* Task prompt:
Go to the line below containing "0 \<in> proj_pts" and print exactly from there through the line containing "t / 2))\<^sup>2", both included. Print nothing else.

_____

lemma proj_cos_line_proj:
  assumes "1 \<le> m"
  shows "proj_cos n m (line_proj 1 0) (line_proj c s) = 2 * c\<^sup>2 - 1"
proof -
  have "(\<Sum>i\<le>m. mat_mult n (Suc m) (line_proj 1 0) (line_proj c s) i i 0)
      = (\<Sum>i\<le>m. plane_vec 1 0 i * (\<Sum>k\<le>m. plane_vec 1 0 k * (plane_vec c s k * plane_vec c s i)))"
    unfolding line_proj_def mat_mult_real
    by (simp add: cd_real_def sum_distrib_left algebra_simps lessThan_Suc_atMost)
  also have "\<dots> = c\<^sup>2"
    by (simp add: sum_plane_vec[OF assms] power2_eq_square)
  finally show ?thesis by (simp add: proj_cos_def)
qed

definition has_cos_path :: "pt set \<Rightarrow> (pt \<Rightarrow> pt \<Rightarrow> real) \<Rightarrow> bool" where
  "has_cos_path X cs \<longleftrightarrow> (\<exists>e y. e \<in> X \<and> continuous_on {-1..1} y \<and>
     (\<forall>t\<in>{-1..1}. y t \<in> X \<and> cs e (y t) = t))"

lemma proj_has_cos_path:
  assumes "1 \<le> m"
  shows "has_cos_path (proj_pts n m) (proj_cos n m)"
  unfolding has_cos_path_def
proof (intro exI conjI ballI)
  show "line_proj 1 0 \<in> proj_pts n m" by (rule line_proj_in_proj_pts[OF assms]) simp
  show "continuous_on {-1..1} (\<lambda>t. line_proj (cos (arccos t / 2)) (sin (arccos t / 2)))"
    unfolding line_proj_def cd_real_def
    by (intro continuous_on_coordinatewise_then_product continuous_on_if_const continuous_intros
        continuous_on_plane_vec continuous_on_arccos') auto
  fix t :: real
  assume t: "t \<in> {-1..1}"
  show "line_proj (cos (arccos t / 2)) (sin (arccos t / 2)) \<in> proj_pts n m"
    by (rule line_proj_in_proj_pts[OF assms]) simp
  have "2 * (cos (arccos t / 2))\<^sup>2 - 1 = cos (arccos t)"
    using cos_double_cos[of "arccos t / 2"] by simp
  then show "proj_cos n m (line_proj 1 0) (line_proj (cos (arccos t / 2)) (sin (arccos t / 2))) = t"
    using t by (simp add: proj_cos_line_proj[OF assms])
qed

_____

* Task answer:
  show "line_proj 1 0 \<in> proj_pts n m" by (rule line_proj_in_proj_pts[OF assms]) simp
  show "continuous_on {-1..1} (\<lambda>t. line_proj (cos (arccos t / 2)) (sin (arccos t / 2)))"
    unfolding line_proj_def cd_real_def
    by (intro continuous_on_coordinatewise_then_product continuous_on_if_const continuous_intros
        continuous_on_plane_vec continuous_on_arccos') auto
  fix t :: real
  assume t: "t \<in> {-1..1}"
  show "line_proj (cos (arccos t / 2)) (sin (arccos t / 2)) \<in> proj_pts n m"
    by (rule line_proj_in_proj_pts[OF assms]) simp
  have "2 * (cos (arccos t / 2))\<^sup>2 - 1 = cos (arccos t)"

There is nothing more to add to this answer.